In Scott’s (Holmes Redux, 1997) thriller, a U.S. Marine Corps Reserve regiment mounts a raid to recover six stolen Russian thermonuclear warheads.
In 2017, Dr. Mike McGregor and police detective Kelli Moore have a meet-cute in the University of Michigan hospital, where McGregor’s stitching up a suspect who made the mistake of resisting arrest. Moore finds him to be an “interesting guy, but kind of a nerd”; however, she’s more intrigued later, when she learns that he was awarded a Navy Cross for extraordinary heroism and a Purple Heart. (She’s a captain in the Marine reserves, herself.) Who the hell is this guy? she wonders. He’s a former Marine lieutenant commander who distinguished himself during a covert operation in Syria in 2005 that went awry. A superior, Joe Castelli, said that McGregor was “insubordinate” and “had assumed command under highly questionable circumstances,” but in the process, McGregor saved his life, as well as two others’. In the present day, McGregor becomes part of a team assigned to locate and recover nuclear warheads, stolen by a Russian admiral and his nephew and bound for Yemeni warlord Abdullah Nazer.
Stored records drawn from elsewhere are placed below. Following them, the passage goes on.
(* Let $(X,+,d)$ be an Abelian metric group with translation-invariant metric $d$ such that every non-empty open ball in $X$ contains infinitely many elements. Then (i) the family $\{A\subset X:\ A\text{ is finite and } S(A)\neq\{0\}\}$ is dense in $K(X)$; (ii) the family $NT(X)$ is dense in $K(X)$.
   Context: $d$ satisfies $d(x,y)=d(x+z,y+z)$ for all $x,y,z\in X$; $0$ is the neutral element. $K(X)$ is the family of non-empty compact subsets of $X$ with the Pompeiu–Hausdorff metric $d_H(A,B)=\max\{\sup_{a\in A}d(a,B),\sup_{b\in B}d(A,b)\}$. The spectre of $A\subset X$ is $S(A):=\{z\in X:\ \forall_{a\in A}\ (a+z\in A \text{ or } a-z\in A)\}$. A set $A\subset X$ is a net-set if it is finite, has at least three elements, and for every pair of distinct two-element subsets $\{z,t\}\neq\{u,v\}$ of $A$ we have $\{z-t,t-z\}\cap\{v-u,u-v\}=\emptyset$; $NT(X)$ is the family of all net-sets. *)

theory Defs
  imports "HOL-Analysis.Analysis"
begin

text \<open>Pompeiu--Hausdorff distance, as in the paper (used on non-empty compact sets,
  where both suprema are finite); d(a,B) is the library notion infdist a B.\<close>
definition hausdist :: "'a::metric_space set \<Rightarrow> 'a set \<Rightarrow> real" where
  "hausdist A B = max (SUP a\<in>A. infdist a B) (SUP b\<in>B. infdist b A)"

definition spectre :: "'a::ab_group_add set \<Rightarrow> 'a set" where
  "spectre A = {z. \<forall>a\<in>A. a + z \<in> A \<or> a - z \<in> A}"

definition net_set :: "'a::ab_group_add set \<Rightarrow> bool" where
  "net_set A \<longleftrightarrow> finite A \<and> card A \<ge> 3 \<and>
     (\<forall>z\<in>A. \<forall>t\<in>A. \<forall>u\<in>A. \<forall>v\<in>A. z \<noteq> t \<longrightarrow> u \<noteq> v \<longrightarrow> {z, t} \<noteq> {u, v} \<longrightarrow>
        {z - t, t - z} \<inter> {v - u, u - v} = {})"

end

theory Submission
  imports Defs
begin

text \<open>
  Every non-empty compact K is within \<open>\<epsilon>/3\<close> of a finite subset F of it, so it suffices to
  approximate finite sets.  (i) For small z \<noteq> 0 the set F \<union> (F + z) is close to F, and z lies
  in its spectre.  (ii) Replace the points p of F one at a time by nearby new points x with
  x \<notin> {b + u - v} and 2x \<notin> {b + b' | b \<noteq> b'}, over the points b, b', u, v chosen before: a
  ball has infinitely many points, so it avoids the finitely many values b + u - v, and 2x stays
  close to 2p, which is kept off the finite set of pair sums.  The result satisfies a Sidon-type
  condition equivalent to being a net-set.
\<close>

text \<open>The net-set condition, after rewriting z - t = u - v as z + v = u + t: Sidon's condition,
  except that 2a = 2c with a \<noteq> c is tolerated.\<close>
definition weak_sidon :: "'a::ab_group_add set \<Rightarrow> bool" where
  "weak_sidon B \<longleftrightarrow>
     (\<forall>a\<in>B. \<forall>b\<in>B. \<forall>c\<in>B. \<forall>d\<in>B. a + b = c + d \<longrightarrow> {a, b} = {c, d} \<or> (a = b \<and> c = d))"

definition pair_sums :: "'a::ab_group_add set \<Rightarrow> 'a set" where
  "pair_sums B = {b + b' | b b'. b \<in> B \<and> b' \<in> B \<and> b \<noteq> b'}"

lemma finite_pair_sums: "finite B \<Longrightarrow> finite (pair_sums B)"
proof -
  assume "finite B"
  moreover have "pair_sums B \<subseteq> (\<lambda>(b, b'). b + b') ` (B \<times> B)"
    unfolding pair_sums_def by auto
  ultimately show ?thesis by (meson finite_SigmaI finite_imageI finite_subset)
qed

lemma pair_sums_insert:
  "x \<notin> B \<Longrightarrow> pair_sums (insert x B) = pair_sums B \<union> (\<lambda>b. x + b) ` B"
  unfolding pair_sums_def by (auto simp: add.commute)

lemma weak_sidon_imp_net_set:
  assumes "weak_sidon B" "finite B" "card B \<ge> 3"
  shows "net_set B"
  unfolding net_set_def
proof (intro conjI ballI impI)
  fix z t u v assume B: "z \<in> B" "t \<in> B" "u \<in> B" "v \<in> B"
    and "z \<noteq> t" "u \<noteq> v" "{z, t} \<noteq> {u, v}"
  have "z + u \<noteq> v + t" "z + v \<noteq> u + t" "t + u \<noteq> v + z" "t + v \<noteq> u + z"
    using assms(1) B \<open>z \<noteq> t\<close> \<open>u \<noteq> v\<close> \<open>{z, t} \<noteq> {u, v}\<close> unfolding weak_sidon_def
    by (smt (verit) doubleton_eq_iff insert_commute)+
  then show "{z - t, t - z} \<inter> {v - u, u - v} = {}"
    by (auto simp: algebra_simps)
qed (use assms in auto)

lemma weak_sidon_insert:
  assumes "weak_sidon B"
    and new_sum: "\<And>b u v. b \<in> B \<Longrightarrow> u \<in> B \<Longrightarrow> v \<in> B \<Longrightarrow> x + v \<noteq> b + u"
    and new_double: "x + x \<notin> pair_sums B"
  shows "weak_sidon (insert x B)"
  unfolding weak_sidon_def
proof (intro ballI impI)
  have sum_with_x: "x + b \<noteq> c + d" "b + x \<noteq> c + d" if "b \<in> B" "c \<in> B" "d \<in> B" for b c d
    using new_sum[OF that(2,3,1)] by (auto simp: add.commute)
  have double_x: "c = d" if "x + x = c + d" "c \<in> B" "d \<in> B" for c d
    using new_double that unfolding pair_sums_def by auto
  have x_on_one_side: "a = b \<and> c = d"
    if "a = x \<or> b = x" "a \<in> insert x B" "b \<in> insert x B" "c \<in> B" "d \<in> B" "a + b = c + d"
    for a b c d
  proof (cases "a = b")
    case True
    then show ?thesis using that double_x by auto
  next
    case False
    then have "a \<in> B \<and> b = x \<or> a = x \<and> b \<in> B" using that(1-3) by auto
    then show ?thesis using that(4-6) sum_with_x by auto
  qed
  fix a b c d assume a: "a \<in> insert x B" and b: "b \<in> insert x B"
    and c: "c \<in> insert x B" and d: "d \<in> insert x B" and eq: "a + b = c + d"
  consider "a \<in> B" "b \<in> B" "c \<in> B" "d \<in> B" | "a = x \<or> b = x" "c \<in> B" "d \<in> B"
    | "c = x \<or> d = x" "a \<in> B" "b \<in> B" | "a = x \<or> b = x" "c = x \<or> d = x"
    using a b c d by blast
  then show "{a, b} = {c, d} \<or> (a = b \<and> c = d)"
  proof cases
    case 1
    then show ?thesis using assms(1) eq unfolding weak_sidon_def by blast
  next
    case 2
    then show ?thesis using x_on_one_side a b eq by blast
  next
    case 3
    then show ?thesis using x_on_one_side c d eq[symmetric] by blast
  next
    case 4
    then show ?thesis using eq by (elim disjE) (auto simp: add.commute[of _ x])
  qed
qed

lemma dist_add_add_le:
  fixes x y u v :: "'a::{ab_group_add, metric_space}"
  assumes translation_invariant: "\<And>x y z :: 'a. dist x y = dist (x + z) (y + z)"
  shows "dist (x + u) (y + v) \<le> dist x y + dist u v"
proof -
  have "dist (x + u) (y + v) \<le> dist (x + u) (y + u) + dist (y + u) (y + v)"
    by (rule dist_triangle)
  also have "\<dots> = dist x y + dist u v"
    using translation_invariant[of x y u] translation_invariant[of u v y] by (simp add: add.commute)
  finally show ?thesis .
qed

lemma obtain_point_avoiding_finite:
  fixes p :: "'a::metric_space"
  assumes "infinite (ball p r)" "finite E"
  obtains x where "dist p x < r" "x \<notin> E"
proof -
  have "ball p r - E \<noteq> {}"
    using infinite_imp_nonempty[OF Diff_infinite_finite[OF assms(2,1)]] .
  then obtain x where "x \<in> ball p r" "x \<notin> E" by blast
  then show ?thesis using that by simp
qed

lemma weak_sidon_extend:
  fixes p :: "'a::{ab_group_add, metric_space}"
  assumes translation_invariant: "\<And>x y z :: 'a. dist x y = dist (x + z) (y + z)"
    and infinite_balls: "\<And>(x::'a) r. r > 0 \<Longrightarrow> infinite (ball x r)"
    and "finite B" "finite Q" "p \<in> Q" "\<delta> > 0"
    and "weak_sidon B" and no_double: "pair_sums B \<inter> (\<lambda>q. q + q) ` Q = {}"
  obtains x where "dist p x < \<delta>" "x \<notin> B" "weak_sidon (insert x B)"
    "pair_sums (insert x B) \<inter> (\<lambda>q. q + q) ` Q = {}"
proof -
  obtain r where r: "r > 0" "\<And>s. s \<in> pair_sums B \<Longrightarrow> s \<noteq> p + p \<Longrightarrow> r \<le> dist (p + p) s"
    using finite_set_avoid[OF finite_pair_sums[OF \<open>finite B\<close>], of "p + p"] by blast
  define E where "E = (\<lambda>(b, u, v). b + u - v) ` (B \<times> B \<times> B) \<union> (\<lambda>(q, b). q + q - b) ` (Q \<times> B)"
  have "finite E" unfolding E_def using \<open>finite B\<close> \<open>finite Q\<close> by auto
  moreover have "min \<delta> (r / 2) > 0" using \<open>\<delta> > 0\<close> r(1) by simp
  ultimately obtain x where x: "dist p x < min \<delta> (r / 2)" "x \<notin> E"
    using obtain_point_avoiding_finite infinite_balls by metis
  have new_sum: "x + v \<noteq> b + u" if "b \<in> B" "u \<in> B" "v \<in> B" for b u v
  proof
    assume "x + v = b + u"
    then have "x = b + u - v" by (simp add: algebra_simps)
    then show False using x(2) that unfolding E_def by force
  qed
  have "dist (p + p) (x + x) < r"
    using dist_add_add_le[OF translation_invariant, of p p x x] x(1) by linarith
  then have "x + x \<notin> pair_sums B"
    using r no_double \<open>p \<in> Q\<close> by fastforce
  then have "weak_sidon (insert x B)"
    using weak_sidon_insert[OF \<open>weak_sidon B\<close> new_sum] by blast
  moreover have "x \<notin> B" using new_sum by blast
  moreover have "q + q \<noteq> x + b" if "b \<in> B" "q \<in> Q" for b q
  proof
    assume "q + q = x + b"
    then have "x = q + q - b" by (simp add: algebra_simps)
    then show False using x(2) that unfolding E_def by force
  qed
  then have "pair_sums (insert x B) \<inter> (\<lambda>q. q + q) ` Q = {}"
    using no_double pair_sums_insert[OF \<open>x \<notin> B\<close>] by auto
  ultimately show ?thesis using that[of x] x(1) by simp
qed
Also on McGregor’s team: Castelli and Moore. Scott, a retired Navy medical reserve officer, writes authoritatively about military protocol and technology, and he etches nuanced portrayals of the mission team’s players. In the midst of this thriller, he offers a fine exploration of the concept of leadership; at one pivotal point, for instance, Castelli wrestles with direct orders to abandon 26 soldiers and Marines, almost all of them wounded. One veteran officer insists, “The 1/7 does not leave people behind,” but another counters, “Just because we don’t know the reasons behind our orders doesn’t mean they aren’t valid, or that we can just ignore them.” Also admirable are Scott’s portrayals of the formidable women on the team: “You need us,” Moore says. “We are as close as you’re going to get to a cohesive fighting unit. And we’re a lot tougher than you think.”
A military tale that will excite armchair warriors.